__YOUR OBJECTIVE__
The lines below starting at the line containing "text \<open>Most facts" and ending at the line containing "g \<Longrightarrow> maps_words" are to be repeated exactly, with both ends kept and nothing else added.

__MATERIAL PROVIDED__
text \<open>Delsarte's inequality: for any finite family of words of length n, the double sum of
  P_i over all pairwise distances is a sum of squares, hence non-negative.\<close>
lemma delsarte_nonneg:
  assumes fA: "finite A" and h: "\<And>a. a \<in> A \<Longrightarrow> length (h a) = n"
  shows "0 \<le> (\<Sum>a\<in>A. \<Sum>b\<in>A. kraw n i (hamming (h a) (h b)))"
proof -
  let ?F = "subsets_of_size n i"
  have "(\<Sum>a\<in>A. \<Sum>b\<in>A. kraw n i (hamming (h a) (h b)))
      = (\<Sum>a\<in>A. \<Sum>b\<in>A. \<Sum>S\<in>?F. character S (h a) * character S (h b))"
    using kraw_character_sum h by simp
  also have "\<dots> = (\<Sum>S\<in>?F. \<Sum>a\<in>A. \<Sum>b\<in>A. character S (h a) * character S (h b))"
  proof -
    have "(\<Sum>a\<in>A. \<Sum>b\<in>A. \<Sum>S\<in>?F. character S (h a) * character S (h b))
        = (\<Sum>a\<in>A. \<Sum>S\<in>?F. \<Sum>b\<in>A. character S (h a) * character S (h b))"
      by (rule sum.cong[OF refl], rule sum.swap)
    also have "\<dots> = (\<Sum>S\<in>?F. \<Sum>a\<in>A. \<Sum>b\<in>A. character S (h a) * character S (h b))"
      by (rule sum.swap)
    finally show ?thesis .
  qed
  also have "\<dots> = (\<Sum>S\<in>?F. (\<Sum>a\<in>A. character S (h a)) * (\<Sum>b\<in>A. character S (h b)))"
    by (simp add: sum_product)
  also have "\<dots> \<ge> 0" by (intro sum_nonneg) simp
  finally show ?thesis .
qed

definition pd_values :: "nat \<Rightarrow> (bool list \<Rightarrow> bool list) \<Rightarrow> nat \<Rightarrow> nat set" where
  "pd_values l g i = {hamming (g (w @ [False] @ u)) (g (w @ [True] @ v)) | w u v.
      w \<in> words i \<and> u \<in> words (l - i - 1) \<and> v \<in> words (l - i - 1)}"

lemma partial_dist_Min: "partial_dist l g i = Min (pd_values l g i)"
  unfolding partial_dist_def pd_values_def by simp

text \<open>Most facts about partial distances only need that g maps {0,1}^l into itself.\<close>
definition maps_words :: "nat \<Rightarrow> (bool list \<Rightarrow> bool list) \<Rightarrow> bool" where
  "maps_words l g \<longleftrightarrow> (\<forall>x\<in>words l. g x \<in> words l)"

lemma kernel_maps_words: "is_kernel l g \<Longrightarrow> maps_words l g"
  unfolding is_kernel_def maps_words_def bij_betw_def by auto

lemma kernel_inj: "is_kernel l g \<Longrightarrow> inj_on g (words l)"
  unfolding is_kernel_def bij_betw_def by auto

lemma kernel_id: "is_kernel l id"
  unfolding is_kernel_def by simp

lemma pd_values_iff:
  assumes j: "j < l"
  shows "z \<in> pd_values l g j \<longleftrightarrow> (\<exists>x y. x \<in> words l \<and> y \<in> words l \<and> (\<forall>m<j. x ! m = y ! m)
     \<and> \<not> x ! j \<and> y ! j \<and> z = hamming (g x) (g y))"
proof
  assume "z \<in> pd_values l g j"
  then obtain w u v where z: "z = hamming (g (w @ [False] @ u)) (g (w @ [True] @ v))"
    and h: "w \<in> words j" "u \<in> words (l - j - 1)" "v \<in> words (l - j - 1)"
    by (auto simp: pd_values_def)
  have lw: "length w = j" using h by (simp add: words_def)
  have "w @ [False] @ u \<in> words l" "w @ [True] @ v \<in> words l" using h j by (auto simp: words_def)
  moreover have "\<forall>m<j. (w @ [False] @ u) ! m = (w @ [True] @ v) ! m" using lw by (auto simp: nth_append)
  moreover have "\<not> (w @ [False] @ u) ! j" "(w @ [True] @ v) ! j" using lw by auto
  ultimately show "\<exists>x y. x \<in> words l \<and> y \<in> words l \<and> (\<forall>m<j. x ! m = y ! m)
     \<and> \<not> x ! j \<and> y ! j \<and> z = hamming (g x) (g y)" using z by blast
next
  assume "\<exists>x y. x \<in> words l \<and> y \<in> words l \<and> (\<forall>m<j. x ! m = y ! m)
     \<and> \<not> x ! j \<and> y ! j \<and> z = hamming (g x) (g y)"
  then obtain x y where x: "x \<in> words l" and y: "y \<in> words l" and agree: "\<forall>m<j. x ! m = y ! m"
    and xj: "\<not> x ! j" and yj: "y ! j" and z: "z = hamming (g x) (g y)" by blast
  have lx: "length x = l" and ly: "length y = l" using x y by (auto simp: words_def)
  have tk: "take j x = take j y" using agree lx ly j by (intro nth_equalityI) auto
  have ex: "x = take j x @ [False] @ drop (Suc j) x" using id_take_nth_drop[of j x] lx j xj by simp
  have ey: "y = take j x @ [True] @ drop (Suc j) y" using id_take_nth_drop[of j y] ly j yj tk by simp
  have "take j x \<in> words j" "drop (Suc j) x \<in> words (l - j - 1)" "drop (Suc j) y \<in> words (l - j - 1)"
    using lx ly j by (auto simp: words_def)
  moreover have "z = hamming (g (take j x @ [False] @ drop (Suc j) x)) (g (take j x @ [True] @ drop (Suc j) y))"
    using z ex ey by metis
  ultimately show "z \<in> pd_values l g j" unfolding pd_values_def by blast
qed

__OUTPUT__
text \<open>Most facts about partial distances only need that g maps {0,1}^l into itself.\<close>
definition maps_words :: "nat \<Rightarrow> (bool list \<Rightarrow> bool list) \<Rightarrow> bool" where
  "maps_words l g \<longleftrightarrow> (\<forall>x\<in>words l. g x \<in> words l)"

lemma kernel_maps_words: "is_kernel l g \<Longrightarrow> maps_words l g"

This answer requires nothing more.